You can follow the fruits of this grant
on this page.
----------------------------------------------
Patrick Kreitzberg and Oliver Serang presented at ASMS
2019 in Atlanta, where Patrick got his first taste of
Szechuan food in his life.
To read Patrick's masters thesis (on computing de
novo neutral loss alphabets from mass spectra),
click here. To
get the code (MIT licese),
visit https://bitbucket.org/orserang/peak-bagger.
To see Kyle Lucke et al.'s poster (which was
presented by Oliver) on the the hitchhiking proteins
during protein inference, click here.
----------------------------------------------
Patrick Kreitzberg will defend his Masters Thesis on Wednesday, June 19th at 1PM in Social Sciences 362. Read his thesis here!
----------------------------------------------
The department of Computer Science at the University of Montana will now offer Cybersecurity (both undergraduate and graduate level)!
----------------------------------------------
----------------------------------------------
Patrick Kreitzberg's work on meta de novo mass spectrometry methods, "The Alphabet Projection of Mass Spectrometry Data", was a finalist for the best of the University of Montana's GradCon 2019!
----------------------------------------------
To celebrate the new year, lab members jumped into the snowy Clark Fork and then everyone went to warm up with some ramen and then cool back down with a quick game of Race for the Galaxy over ice cream.
Only 170 days until the days start getting shorter again!
----------------------------------------------
Lab members went camping in the mountains east of Missoula. It was damp, but everyone worked together to strip the wood, saw/baton logs, and build a good fire before the snow came.
This cozy season, which is viewed as the time when the veil between the living and the dead is its thinnest, proved to be a perfect time to introduce everyone to "cheese dogs".
----------------------------------------------
Oliver Serang's textbook, Algorithms in Python is now online.
Check it out here.
----------------------------------------------
During an afternoon of Patrick and Oliver playing fetch with Patrick's dog Butters, Butters was recorded in a video that is slated for use in offial promotion for the University of Montana.
----------------------------------------------
The Serang Lab has been awarded a COBRE grant. This grant will be used to hire UM graduate students to build new graphical models for two cutting-edge problems from computational biology.
----------------------------------------------
The University of Montana has awarded the Serang Lab a pilot project grant.
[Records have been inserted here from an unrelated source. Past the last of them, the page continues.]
(* Let $X$ be a topological space in which every open set is a union of countably many clopen sets. Then $C_p(X)$ is an $\alpha_1$ space if, and only if, for every Borel function $\Psi:X\to\mathbb{N}^{\mathbb{N}}$ the image $\Psi[X]$ is bounded.
   Context: $C_p(X)$ is the set of continuous real-valued functions on $X$ with the topology of pointwise convergence (subspace of $\mathbb{R}^X$). In a topological space $Y$, a countable set $A$ of distinct points converges to $y$ if some (equivalently every) bijective enumeration of $A$ converges to $y$. $Y$ is an $\alpha_1$ space if for each $y\in Y$ and each sequence $A_1,A_2,\dots$ of countably infinite sets each converging to $y$, there are cofinite subsets $B_n\subseteq A_n$ such that $\bigcup_n B_n$ converges to $y$. A function $\Psi:X\to\mathbb{N}^{\mathbb{N}}$ is Borel if preimages of open sets are Borel in $X$. A set $Y\subseteq\mathbb{N}^{\mathbb{N}}$ is bounded if there is $g\in\mathbb{N}^{\mathbb{N}}$ such that for each $f\in Y$, $f(n)\le g(n)$ for all but finitely many $n$. *)

theory Defs
  imports "HOL-Analysis.Analysis"
begin

definition Cp :: "'a topology \<Rightarrow> ('a \<Rightarrow> real) topology" where
  "Cp X = subtopology (product_topology (\<lambda>_. euclideanreal) (topspace X))
                      {f. continuous_map X euclideanreal f}"

text \<open>A countable set A of distinct points converges to y: some bijective enumeration of A
  converges to y.\<close>
definition set_converges :: "'b topology \<Rightarrow> 'b set \<Rightarrow> 'b \<Rightarrow> bool" where
  "set_converges Y A y \<longleftrightarrow> (\<exists>e::nat \<Rightarrow> 'b. bij_betw e UNIV A \<and> limitin Y e y sequentially)"

definition alpha1_space :: "'b topology \<Rightarrow> bool" where
  "alpha1_space Y \<longleftrightarrow>
    (\<forall>y\<in>topspace Y. \<forall>A::nat \<Rightarrow> 'b set.
       (\<forall>n. A n \<subseteq> topspace Y \<and> countable (A n) \<and> infinite (A n) \<and> set_converges Y (A n) y)
       \<longrightarrow> (\<exists>B::nat \<Rightarrow> 'b set. (\<forall>n. B n \<subseteq> A n \<and> finite (A n - B n))
                                \<and> set_converges Y (\<Union>n. B n) y))"

definition borel_sets_of :: "'a topology \<Rightarrow> 'a set set" where
  "borel_sets_of X = sigma_sets (topspace X) {U. openin X U}"

text \<open>Borel function into the Baire space (nat \<Rightarrow> nat with the product of discrete topologies).\<close>
definition borel_fun :: "'a topology \<Rightarrow> ('a \<Rightarrow> (nat \<Rightarrow> nat)) \<Rightarrow> bool" where
  "borel_fun X \<Psi> \<longleftrightarrow> (\<forall>U::(nat \<Rightarrow> nat) set. open U \<longrightarrow> {x \<in> topspace X. \<Psi> x \<in> U} \<in> borel_sets_of X)"

definition baire_bounded :: "(nat \<Rightarrow> nat) set \<Rightarrow> bool" where
  "baire_bounded Y \<longleftrightarrow> (\<exists>g::nat \<Rightarrow> nat. \<forall>f\<in>Y. \<forall>\<^sub>F n in sequentially. f n \<le> g n)"

end

theory Submission
  imports Defs
begin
This grant will fund a UM computer science student to work on an exciting project developing EvergreenForest, a new graphical models library.
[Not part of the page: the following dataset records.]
lemma max_star_ideal_above:
  assumes C: "nz_frac_ideal D C" "C \<subseteq> D" "st C \<noteq> D"
  obtains P where "max_star P" "st C \<subseteq> P"
proof -
  define \<A> where "\<A> = {Q. star_ideal D st Q \<and> Q \<subseteq> D \<and> Q \<noteq> D \<and> st C \<subseteq> Q}"
  have "st C \<in> \<A>"
    using C star_nz star_idem star_subset_D by (simp add: \<A>_def star_ideal_def)
  moreover have "\<Union>Cs \<in> \<A>" if ne: "Cs \<noteq> {}" and ch: "subset.chain \<A> Cs" for Cs
  proof -
    have "subset.chain {Q. star_ideal D st Q \<and> Q \<subseteq> D \<and> Q \<noteq> D} Cs"
      using ch by (auto simp: subset_chain_def \<A>_def)
    moreover obtain Q where "Q \<in> Cs" using ne by blast
    then have "st C \<subseteq> \<Union>Cs" using ch by (auto simp: subset_chain_def \<A>_def)
    ultimately show ?thesis using Union_chain_proper_star_ideal[OF ne] by (simp add: \<A>_def)
  qed
  ultimately obtain M where M: "M \<in> \<A>" "\<forall>X\<in>\<A>. M \<subseteq> X \<longrightarrow> X = M"
    using subset_Zorn_nonempty[of \<A>] by blast
  then have "max_star M" unfolding max_star_ideal_def \<A>_def by blast
  then show ?thesis using M that \<A>_def by blast
qed

lemma star_eq_D_if_not_in_max:
  assumes "nz_frac_ideal D C" "C \<subseteq> D" "\<And>P. max_star P \<Longrightarrow> \<not> C \<subseteq> P"
  shows "st C = D"
proof (rule ccontr)
  assume "st C \<noteq> D"
  then obtain P where "max_star P" "st C \<subseteq> P" using max_star_ideal_above assms(1,2) by blast
  then show False using assms(3) star_extensive[OF assms(1)] by blast
qed

lemma max_star_above_sum:
  assumes "X \<subseteq> D" "Y \<subseteq> D" "x \<in> X" "x \<noteq> 0" "st (ideal_sum D X Y) \<noteq> D"
  obtains R where "max_star R" "X \<subseteq> R" "Y \<subseteq> R"
proof -
  have sumD: "ideal_sum D X Y \<subseteq> D"
    unfolding ideal_sum_def using assms(1,2) by (intro gen_least[OF dsubmodule_D]) blast
  have XY: "X \<union> Y \<subseteq> ideal_sum D X Y" unfolding ideal_sum_def by (rule gen_superset)
  then have nz: "nz_frac_ideal D (ideal_sum D X Y)"
    using nz_frac_ideal_integral[OF _ sumD] dsubmodule_gen assms(3,4) unfolding ideal_sum_def by blast
  obtain R where "max_star R" "st (ideal_sum D X Y) \<subseteq> R"
    using max_star_ideal_above[OF nz sumD assms(5)] by blast
  then show ?thesis using that XY star_extensive[OF nz] by blast
qed

lemma nz_frac_ideal_conductor:
  assumes I: "nz_frac_ideal D I" shows "nz_frac_ideal D {d \<in> D. d * z \<in> I}"
proof -
  have ds: "dsubmodule D I" and nz: "I \<noteq> {0}" and "\<exists>d\<in>D. d \<noteq> 0 \<and> (\<forall>y\<in>I. d * y \<in> D)"
    using I by (auto simp: nz_frac_ideal_def frac_ideal_def)
  then obtain e where e: "e \<in> D" "e \<noteq> 0" "\<forall>y\<in>I. e * y \<in> D" by blast
  have dsC: "dsubmodule D {d \<in> D. d * z \<in> I}" unfolding dsubmodule_def
  proof (intro conjI ballI)
    show "0 \<in> {d \<in> D. d * z \<in> I}" using zero_in_D dsubmodule_zero[OF ds] by simp
  next
    fix x y assume "x \<in> {d \<in> D. d * z \<in> I}" "y \<in> {d \<in> D. d * z \<in> I}"
    then show "x + y \<in> {d \<in> D. d * z \<in> I}"
      using add_in_D dsubmodule_add[OF ds] by (simp add: distrib_right)
  next
    fix c x assume "c \<in> D" "x \<in> {d \<in> D. d * z \<in> I}"
    then show "c * x \<in> {d \<in> D. d * z \<in> I}"
      using mult_in_D dsubmodule_mult[OF ds] by (simp add: mult.assoc)
  qed
  obtain i where i: "i \<in> I" "i \<noteq> 0" using nz dsubmodule_zero[OF ds] by blast
  obtain p q where pq: "p \<in> D" "q \<in> D" "q \<noteq> 0" "z = p / q" using ex_fraction by blast
  have "q * (e * i) * z = p * (e * i)" using pq by simp
  moreover have "p * (e * i) \<in> I" using dsubmodule_mult[OF ds] pq e i by blast
  moreover have "q * (e * i) \<in> D" using pq e i mult_in_D by blast
  ultimately have "q * (e * i) \<in> {d \<in> D. d * z \<in> I}" by (metis (mono_tags, lifting) mem_Collect_eq)
  moreover have "q * (e * i) \<noteq> 0" using pq e i by simp
  ultimately show ?thesis using nz_frac_ideal_integral[OF dsC] by blast
qed

lemma mem_star_if_locally:
  assumes I: "nz_frac_ideal D I" and loc: "\<And>P. max_star P \<Longrightarrow> \<exists>s\<in>D - P. s * z \<in> I"
  shows "z \<in> st I"
proof (cases "z = 0")
  case True then show ?thesis using star_dsubmodule[OF I] dsubmodule_zero by simp
next
  case False
  define C where "C = {d \<in> D. d * z \<in> I}"
  have nzC: "nz_frac_ideal D C" unfolding C_def using nz_frac_ideal_conductor[OF I] .
  have "\<not> C \<subseteq> P" if "max_star P" for P using loc[OF that] unfolding C_def by blast
  then have "st C = D" using star_eq_D_if_not_in_max[OF nzC] C_def by blast
  then have "z \<in> smul z (st C)" using mem_smul_self by simp
  also have "\<dots> = st (smul z C)" using star_smul[OF False nzC] by simp
  also have "\<dots> \<subseteq> st I"
  proof (rule star_mono[OF nz_frac_ideal_smul[OF False nzC] I])
    show "smul z C \<subseteq> I" by (auto simp: C_def mem_smul mult.commute)
  qed
  finally show ?thesis .
qed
----------------------------------------------
Oliver Serang's textbook, Code Optimization in C++11 is now online.
Check it out here.
----------------------------------------------
Exploring Scientific Wilderness is a new podcast miniseries with short and sweet pieces of scientific brain candy.
----------------------------------------------
After years of work, the beta version of
EvergreenForest has been released! It includes a fast,
lazy implementation of trimmed convolution trees, a
fast in-house FFT written in C++11 (using the lab's
work on methods for performing bit-reversed
permutation), and lots of other Waldmeister-flavored
goodies to activate your almonds.
You can read more about it and download it
here.
----------------------------------------------
Trimmed convolution trees use sparsity in the solution
space exploit sparsity in the input priors and
likelihood of a convolution tree to achieve an
algorithmic and practical speedup. For example, when
all input priors are $$X_i \in \{0,1\}$$ and the
likelihood $$Y=X_1 + X_2 + \cdots X_n \in \{0,1\},$$
all posteriors can be solved with trimmed convolution
trees in $$O(n)$$ rather than the $$O(n \log(n)
\log(n))$$ required by non-trimmed convolution
trees.
Trimmed convolution trees generalize this to use
narrower priors and likelihoods, even when some priors
have larger support than others or when the likelihood
distribution has are larger support than all priors,
smaller support, or anything, making the first method
$$\in o(nk \log(nk) \log(n))$$ on some problems with
$$n$$ inputs each with $$k$$ bins.
The paper (in review) includes a demo that uses
trimmed convolution trees to estimate posterior
probabilities for peoples' orders given their total
ice cream bill; the demo is, of course, written using
the menu from
Missoula's
own Big Dipper Ice Cream.
----------------------------------------------
The bit-reversed permutation is an important task for
implementing an in-place FFT library. This paper
explores several bit reversal methods on the x86
architecture, including new bit twiddling tricks and a
proposed template-recursive, cache-oblivious method,
which achieves state-of-the-art performance.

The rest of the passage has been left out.